Each test case can use XFAIL like @pytest.mark.xfail(raises=IreeRunException). As we test across multiple backends or want to configure the test suite from another repo (e.g. iree-org/iree), we can explore more expressive marks.

Note that unlike the ONNX operator tests, these tests use onnxruntime and iree-import-onnx at test time. The operator tests handle that as an infrequently ran offline step. We could do something similar here, but the test inputs and outputs can be rather large for real models and that gets into Git LFS or cloud storage territory.

If this test authoring model works well enough, we can do something similar for other ML frameworks like TFLite (#5).

ScottTodd

Some self review comments from weekend thinking. Busy for a bit then will make those changes

onnx_models/conftest.py

onnx_models/vision_models_test.py

ScottTodd · 2024-09-09T17:23:14Z

onnx_models/vision_models_test.py

+#     )
+
+
+# https://github.com/onnx/models/tree/main/validated/vision/classification/mobilenet


Can write a script to get these directories / files from the onnx/models repo and translate those into test cases

onnx_models/vision_models_test.py

onnx_models/conftest.py

ScottTodd · 2024-09-16T15:46:40Z

Ping @zjgarvey ? Any high level feedback? I should have some time this week to address my own comments, but I'd like to prefetch any other feedback/discussion.

zjgarvey · 2024-09-16T16:39:25Z

Ping @zjgarvey ? Any high level feedback? I should have some time this week to address my own comments, but I'd like to prefetch any other feedback/discussion.

I'll take a look today!

zjgarvey

My biggest concern right now is the handling of dynamic dims and getting the input/output signatures to work in those cases.

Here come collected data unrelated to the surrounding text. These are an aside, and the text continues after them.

lemma tree_flip_unflip [simp]: "tree_flip a (tree_unflip a l) = l"
  by (induction l rule: rev_induct) auto

lemma tree_unflip_flip [simp]: "tree_unflip a (tree_flip a l) = l"
  by (induction l rule: rev_induct) auto

lemma tree_unflip_eq_tree_flip: "tree_unflip a = tree_flip (\<lambda>u. a (tree_unflip a u))"
proof
  show "tree_unflip a l = tree_flip (\<lambda>u. a (tree_unflip a u)) l" for l
    by (induction l rule: rev_induct) auto
qed

lemma take_tree_flip: "take n (tree_flip a l) = tree_flip a (take n l)"
proof (rule nth_equalityI)
  fix i assume "i < length (take n (tree_flip a l))"
  then have i: "i < n" "i < length l" by auto
  then have "take n (tree_flip a l) ! i = (l ! i \<noteq> a (take i l))"
    by (simp add: nth_tree_flip)
  also have "\<dots> = tree_flip a (take n l) ! i"
    using i by (simp add: nth_tree_flip take_take min_def)
  finally show "take n (tree_flip a l) ! i = tree_flip a (take n l) ! i" .
qed simp

lemma tree_flip_inject: "tree_flip a l = tree_flip a m \<longleftrightarrow> l = m"
  by (metis tree_unflip_flip)

lemma tree_flip_prefix_iff: "prefix (tree_flip a l) (tree_flip a m) \<longleftrightarrow> prefix l m"
  by (simp add: prefix_iff_take take_tree_flip tree_flip_inject)

lemma tree_flip_append_replicate:
  "tree_flip a (l @ replicate k False) = tree_flip a l @ map (\<lambda>i. a (l @ replicate i False)) [0..<k]"
proof (induction k)
  case (Suc k)
  have "tree_flip a (l @ replicate (Suc k) False) = tree_flip a ((l @ replicate k False) @ [False])"
    by (simp add: replicate_append_same)
  also have "\<dots> = tree_flip a (l @ replicate k False) @ [a (l @ replicate k False)]"
    by (simp only: tree_flip_snoc) simp
  finally show ?case using Suc.IH by simp
qed simp

lemma tree_flip_cong:
  "(\<And>i. i < length l \<Longrightarrow> a (take i l) = a' (take i l)) \<Longrightarrow> tree_flip a l = tree_flip a' l"
  by (simp add: tree_flip_def)

text \<open>Outside RO the identity, as Aut demands.\<close>

definition flip_aut :: "(bool list \<Rightarrow> bool) \<Rightarrow> (nat \<rightharpoonup> bool) set \<Rightarrow> (nat \<rightharpoonup> bool) set" where
  "flip_aut a U =
     (if U \<in> RO then {p \<in> Cond. \<forall>l. cext (node l) p \<longrightarrow> node (tree_flip a l) \<in> U} else U)"

lemma flip_aut_RO:
  assumes U: "U \<in> RO"
  shows "flip_aut a U \<in> RO"
proof -
  define F where "F = {p \<in> Cond. \<forall>l. cext (node l) p \<longrightarrow> node (tree_flip a l) \<in> U}"
  have "F \<in> RO"
    unfolding RO_def
  proof (intro CollectI conjI ballI impI)
    show "F \<subseteq> Cond" by (auto simp: F_def)
    show "q \<in> F" if "p \<in> F" "q \<in> Cond" "cext q p" for p q
      using that cext_trans[OF _ that(3)] by (auto simp: F_def)
    show "p \<in> F"
      if p: "p \<in> Cond" and dense: "\<forall>q\<in>Cond. cext q p \<longrightarrow> (\<exists>r\<in>Cond. cext r q \<and> r \<in> F)" for p
      unfolding F_def
    proof (intro CollectI conjI p allI impI)
      fix l assume l: "cext (node l) p"
      show "node (tree_flip a l) \<in> U"
      proof (rule RO_memI[OF U node_in_Cond], intro ballI impI)
        fix q assume q: "q \<in> Cond" "cext q (node (tree_flip a l))"
        obtain m where m: "prefix (tree_flip a l) m" "cext (node m) q"
          using exists_node_below[OF q] by blast
        have "prefix l (tree_unflip a m)"
          using m(1) tree_flip_prefix_iff[of a l "tree_unflip a m"] by simp
        then have "cext (node (tree_unflip a m)) p"
          using cext_trans[OF _ l] cext_node_iff_prefix by blast
        then obtain r where r: "r \<in> Cond" "cext r (node (tree_unflip a m))" "r \<in> F"
          using dense node_in_Cond by blast
        obtain l' where l': "prefix (tree_unflip a m) l'" "cext (node l') r"
          using exists_node_below[OF r(1,2)] by blast
        have "node (tree_flip a l') \<in> U" using r(3) l'(2) by (auto simp: F_def)
        moreover have "prefix m (tree_flip a l')"
          using l'(1) tree_flip_prefix_iff[of a "tree_unflip a m" l'] by simp
        ultimately show "\<exists>r\<in>Cond. cext r q \<and> r \<in> U"
          using cext_trans[OF _ m(2)] cext_node_iff_prefix node_in_Cond by blast
      qed
    qed
  qed
  then show ?thesis using U by (simp add: flip_aut_def F_def)
qed

lemma node_in_flip_aut:
  assumes U: "U \<in> RO"
  shows "node l \<in> flip_aut a U \<longleftrightarrow> node (tree_flip a l) \<in> U"
proof -
  have "node (tree_flip a m) \<in> U" if "node (tree_flip a l) \<in> U" "cext (node m) (node l)" for m
    using that extension_closed_prefix[OF RO_extension_closed[OF U]]
    by (simp add: cext_node_iff_prefix tree_flip_prefix_iff)
  then show ?thesis using U by (auto simp: flip_aut_def)
qed

lemma flip_aut_Int: "U \<in> RO \<Longrightarrow> V \<in> RO \<Longrightarrow> flip_aut a (U \<inter> V) = flip_aut a U \<inter> flip_aut a V"
  by (rule RO_eqI_nodes) (simp_all add: flip_aut_RO RO_Int node_in_flip_aut)

lemma flip_aut_bneg:
  assumes U: "U \<in> RO"
  shows "flip_aut a (bneg U) = bneg (flip_aut a U)"
proof (rule RO_eqI_nodes)
  have U': "extension_closed U" "extension_closed (flip_aut a U)"
    using U flip_aut_RO RO_extension_closed by blast+
  show "flip_aut a (bneg U) \<in> RO" "bneg (flip_aut a U) \<in> RO"
    using U' flip_aut_RO bneg_RO by blast+
  fix l
  have "node l \<in> flip_aut a (bneg U) \<longleftrightarrow> (\<forall>m. prefix (tree_flip a l) m \<longrightarrow> node m \<notin> U)"
    by (simp add: node_in_flip_aut[OF bneg_RO[OF U'(1)]] node_in_bneg_iff[OF U'(1)])
  also have "\<dots> \<longleftrightarrow> (\<forall>m. prefix l m \<longrightarrow> node (tree_flip a m) \<notin> U)"
  proof
    assume none: "\<forall>m. prefix l m \<longrightarrow> node (tree_flip a m) \<notin> U"
    show "\<forall>m. prefix (tree_flip a l) m \<longrightarrow> node m \<notin> U"
    proof (intro allI impI)
      fix m assume "prefix (tree_flip a l) m"
      then have "prefix l (tree_unflip a m)"
        using tree_flip_prefix_iff[of a l "tree_unflip a m"] by simp
      then show "node m \<notin> U" using none by fastforce
    qed
  qed (simp add: tree_flip_prefix_iff)
  also have "\<dots> \<longleftrightarrow> node l \<in> bneg (flip_aut a U)"
    by (simp add: node_in_flip_aut[OF U] node_in_bneg_iff[OF U'(2)])
  finally show "node l \<in> flip_aut a (bneg U) \<longleftrightarrow> node l \<in> bneg (flip_aut a U)" .
qed
lemma mirror_less: "0 < r \<Longrightarrow> mirror r c k < r"
  by (simp add: mirror_def)

lemma mirror_mirror:
  assumes "k < r"
  shows "mirror r c (mirror r c k) = k"
proof -
  have "int (mirror r c k) = (int c - int k + int r) mod int r"
    using assms by (simp add: mirror_def of_nat_mod of_nat_diff algebra_simps)
  also have "\<dots> = (int c - int k) mod int r"
    by (rule mod_add_self2)
  finally have "int (mirror r c k) = (int c - int k) mod int r" .
  moreover have "mirror r c k < r"
    using assms by (simp add: mirror_less)
  ultimately have "int (mirror r c (mirror r c k)) = int k mod int r"
    by (simp add: mirror_def of_nat_mod of_nat_diff mod_simps)
  then show ?thesis
    using assms by (simp add: zmod_int[symmetric])
qed

lemma mirror_add_left: "b < r \<Longrightarrow> mirror r (a + b) a = b"
  by (simp add: mirror_def)

lemma mirror_cong:
  assumes "c mod r = c' mod r" "k \<le> r"
  shows "mirror r c k = mirror r c' k"
proof -
  have "(c + (r - k)) mod r = (c' + (r - k)) mod r"
    using assms(1) by (metis mod_add_left_eq)
  then show ?thesis
    using assms(2) by (simp add: mirror_def)
qed

lemma odd_double_mod_surj:
  fixes r c :: nat
  assumes "odd r"
  shows "\<exists>m<r. 2 * m mod r = c mod r"
proof -
  define m where "m = c * (r + 1) div 2 mod r"
  have "2 * (c * (r + 1) div 2) = c * (r + 1)"
    using assms by simp
  then have "2 * m mod r = c * (r + 1) mod r"
    by (metis m_def mod_mult_right_eq)
  also have "\<dots> = c mod r"
    by (simp add: algebra_simps)
  finally have "2 * m mod r = c mod r" .
  moreover have "m < r"
    using odd_pos[OF assms] by (simp add: m_def)
  ultimately show ?thesis by auto
qed

lemma small_set_mirror_invariant:
  assumes "T \<subseteq> {..<r}" "card T \<le> 2"
  shows "\<exists>c. mirror r c ` T \<subseteq> T"
proof -
  have "finite T"
    using assms(1) finite_subset by blast
  with assms(2) consider "card T = 0" | "card T = 1" | "card T = 2"
    by linarith
  then consider "T = {}" | a where "T = {a}" | a b where "T = {a, b}"
    using \<open>finite T\<close> by (metis card_0_eq card_1_singletonE card_2_iff)
  then show ?thesis
  proof cases
    case 2
    then show ?thesis
      using assms(1) by (intro exI[of _ "a + a"]) (simp add: mirror_add_left)
  next
    case 3
    with assms(1) have "mirror r (a + b) a = b" "mirror r (a + b) b = a"
      using mirror_add_left[of b r a] mirror_add_left[of a r b] by (simp_all add: add.commute)
    with 3 show ?thesis by auto
  qed simp
qed

lemma mirror_invariant_complement:
  assumes "mirror r c ` T \<subseteq> T"
  shows "mirror r c ` ({..<r} - T) \<subseteq> {..<r} - T"
proof
  fix k assume "k \<in> mirror r c ` ({..<r} - T)"
  then obtain l where l: "l < r" "l \<notin> T" "k = mirror r c l" by blast
  then have "mirror r c k = l" by (simp add: mirror_mirror)
  with assms l show "k \<in> {..<r} - T"
    by (auto simp: mirror_less)
qed

lemma subset_of_short_cycle_mirror_invariant:
  assumes "r \<le> 5" "T \<subseteq> {..<r}"
  shows "\<exists>c. mirror r c ` T \<subseteq> T"
proof (cases "card T \<le> 2")
  case True
  then show ?thesis using assms(2) small_set_mirror_invariant by blast
next
  case False
  have "card T + card ({..<r} - T) = r"
    using assms(2) card_mono[of "{..<r}" T] by (simp add: card_Diff_subset finite_subset)
  with False assms(1) obtain c where "mirror r c ` ({..<r} - T) \<subseteq> {..<r} - T"
    using small_set_mirror_invariant[of "{..<r} - T" r] by auto
  then have "mirror r c ` ({..<r} - ({..<r} - T)) \<subseteq> {..<r} - ({..<r} - T)"
    by (rule mirror_invariant_complement)
  with assms(2) show ?thesis
    by (metis Diff_Diff_Int inf.absorb2)
qed

lemma dihedral_group_carrier [simp]:
  "x \<in> carrier (dihedral_group r) \<longleftrightarrow> fst x < r"
  by (cases x) (simp add: dihedral_group_def)

lemma dihedral_group_mult [simp]:
  "x \<otimes>\<^bsub>dihedral_group r\<^esub> y = dihedral_mult r x y"
  by (simp add: dihedral_group_def)

lemma dihedral_group_one [simp]: "\<one>\<^bsub>dihedral_group r\<^esub> = (0, False)"
  by (simp add: dihedral_group_def)

lemma int_fst_dihedral_mult:
  assumes "fst y < r"
  shows "int (fst (dihedral_mult r x y))
           = (int (fst x) + (if snd x then - int (fst y) else int (fst y))) mod int r"
proof -
  have "int ((fst x + (r - fst y)) mod r) = (int (fst x) - int (fst y) + int r) mod int r"
    using assms by (simp add: of_nat_mod of_nat_diff algebra_simps)
  then show ?thesis
    by (simp add: dihedral_mult_def of_nat_mod)
qed

lemma fst_dihedral_mult_less: "0 < r \<Longrightarrow> fst (dihedral_mult r x y) < r"
  by (simp add: dihedral_mult_def)

lemma snd_dihedral_mult [simp]: "snd (dihedral_mult r x y) = (snd x \<noteq> snd y)"
  by (simp add: dihedral_mult_def)

lemma group_dihedral_group:
  assumes "0 < r"
  shows "group (dihedral_group r)"
proof (rule groupI)
  fix x y z :: "nat \<times> bool"
  assume "x \<in> carrier (dihedral_group r)" "y \<in> carrier (dihedral_group r)"
    "z \<in> carrier (dihedral_group r)"
  then have "fst x < r" "fst y < r" "fst z < r" by simp_all
  then have "int (fst (dihedral_mult r (dihedral_mult r x y) z))
               = int (fst (dihedral_mult r x (dihedral_mult r y z)))"
    using assms
    by (cases "snd x"; cases "snd y")
       (simp_all add: int_fst_dihedral_mult fst_dihedral_mult_less mod_simps algebra_simps)
  then show "x \<otimes>\<^bsub>dihedral_group r\<^esub> y \<otimes>\<^bsub>dihedral_group r\<^esub> z
               = x \<otimes>\<^bsub>dihedral_group r\<^esub> (y \<otimes>\<^bsub>dihedral_group r\<^esub> z)"
    by (auto simp: prod_eq_iff)
next
  fix x :: "nat \<times> bool"
  assume "x \<in> carrier (dihedral_group r)"
  then obtain k s where x: "x = (k, s)" "k < r" by (cases x) auto
  show "\<exists>y\<in>carrier (dihedral_group r). y \<otimes>\<^bsub>dihedral_group r\<^esub> x = \<one>\<^bsub>dihedral_group r\<^esub>"
    using x assms
    by (intro bexI[of _ "if s then (k, s) else ((r - k) mod r, False)"])
       (auto simp: dihedral_mult_def mod_simps)
qed (use assms in \<open>auto simp: dihedral_mult_def\<close>)

lemma dihedral_inv_rotation:
  assumes "0 < r" "k < r"
  shows "inv\<^bsub>dihedral_group r\<^esub> (k, False) = ((r - k) mod r, False)"
  using assms
  by (intro group.inv_equality[OF group_dihedral_group])
     (auto simp: dihedral_mult_def mod_simps)

lemma dihedral_reflection_square:
  "k < r \<Longrightarrow> (k, True) \<otimes>\<^bsub>dihedral_group r\<^esub> (k, True) = \<one>\<^bsub>dihedral_group r\<^esub>"
  by (simp add: dihedral_mult_def)
lemma end_span_comp_left:
  assumes "T \<in> end_span sV S" and "\<And>f. f \<in> S \<Longrightarrow> g \<circ> f \<in> S'"
    and "\<And>u w. g (u + w) = g u + g w" and "\<And>c w. g (sV c w) = sV c (g w)"
  shows "(\<lambda>v. g (T v)) \<in> end_span sV S'"
proof -
  obtain n :: nat and c f where T: "\<forall>i<n. f i \<in> S" "T = (\<lambda>v. \<Sum>i<n. sV (c i) (f i v))"
    using assms(1) unfolding end_span_def by blast
  have "g 0 = 0"
    using assms(3)[of 0 0] by simp
  then have "g (\<Sum>i<n. h i) = (\<Sum>i<n. g (h i))" for h
    using sum_comp_morphism[of g h "{..<n}", OF \<open>g 0 = 0\<close> assms(3)] by (simp add: o_def)
  then have "(\<lambda>v. g (T v)) = (\<lambda>v. \<Sum>i<n. sV (c i) ((g \<circ> f i) v))"
    unfolding T by (simp add: assms(4))
  moreover have "\<forall>i<n. g \<circ> f i \<in> S'"
    using T assms(2) by blast
  ultimately show ?thesis
    unfolding end_span_def by (intro CollectI exI[of _ n] exI[of _ c] exI[of _ "\<lambda>i. g \<circ> f i"]) simp
qed

lemma rA_power_add:
  assumes "T1 \<in> rA_power sV r A p" and "T2 \<in> rA_power sV r A p"
  shows "(\<lambda>v. T1 v + T2 v) \<in> rA_power sV r A p"
  using assms unfolding rA_power_def by (rule end_span_add)

lemma foldr_comp_replicate: "foldr (\<circ>) (map r (replicate n a)) id = r a ^^ n"
  by (induction n) simp_all

text \<open>r_A r_x^(n-1) + ... + r_A r_x + r_A, the zero space for n = 0.\<close>
definition rA_rx_below :: "('l \<Rightarrow> 'v::ab_group_add \<Rightarrow> 'v) \<Rightarrow> 'l set \<Rightarrow> 'l \<Rightarrow> nat \<Rightarrow> ('v \<Rightarrow> 'v) set" where
  "rA_rx_below r A x n = {T. \<exists>as. (\<forall>j<n. as j \<in> A) \<and> T = (\<lambda>v. \<Sum>j<n. r (as j) ((r x ^^ j) v))}"

lemma rA_rx_sum_eq_below: "rA_rx_sum r A x k = rA_rx_below r A x (Suc k)"
  unfolding rA_rx_below_def rA_rx_sum_def by (simp add: lessThan_Suc_atMost less_Suc_eq_le)

lemma rA_rx_below_0: "(\<lambda>v. 0) \<in> rA_rx_below r A x 0"
  unfolding rA_rx_below_def by simp

locale right_rep =
  fixes sV :: "'k::field \<Rightarrow> 'v::ab_group_add \<Rightarrow> 'v"
    and br :: "'l::ab_group_add \<Rightarrow> 'l \<Rightarrow> 'l"
    and r :: "'l \<Rightarrow> 'v \<Rightarrow> 'v"
  assumes vector_space: "vector_space sV"
    and r_add_left: "r (a + b) v = r a v + r b v"
    and r_add: "r y (u + w) = r y u + r y w"
    and r_scale: "r y (sV c w) = sV c (r y w)"
    and r_bracket: "r (br a b) v = r b (r a v) - r a (r b v)"
begin

lemma r_zero_left: "r 0 v = 0"
  using r_add_left[of 0 0 v] by simp

lemma r_diff: "r y (u - w) = r y u - r y w"
  using r_add[of y "u - w" w] by (simp add: algebra_simps)

lemma r_funpow_add: "(r x ^^ n) (u + w) = (r x ^^ n) u + (r x ^^ n) w"
  by (induction n) (simp_all add: r_add)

Some suggestions pertaining to this:

Have a test-specific dictionary of dim_param assignments to handle models with dynamic dims.
Since you are already generating an onnxruntime session, it might be easier to pass the session itself, together with a dim_param dictionary, to generate the input signature.
Again, since you are using the onnxruntime session, the most reliable method of getting a correct output signature is definitely from the reference outputs of that session run. It might be prohibitively complicated to try and infer the output shapes from a dynamic onnx model. Even with shape inference and dim_params being included, I'm not sure it would be able to determine correct output shapes without actually fixing the dim_params in the onnx model itself (however, there is tooling for that https://github.com/microsoft/onnxruntime/blob/291a5352b27ded5714e5748b381f2efb88f28fb9/tools/python/util/onnx_model_utils.py#L177).

If I don't revisit this soon, please feel free to ping again.

onnx_models/conftest.py

zjgarvey · 2024-09-16T21:40:12Z

onnx_models/conftest.py

+    #   A) List all metadata explicitly
+    #   B) Get metadata on demand from the .onnx protobuf using 'onnx'
+    #   C) Get metadata on demand from the InferenceSession using 'onnxruntime'
+    # This is option B.


One of the issues with option B is that, if you try to get the output signature for a graph that hasn't yet performed shape inference, you will likely get dim_params rather than actual dims for the output shape.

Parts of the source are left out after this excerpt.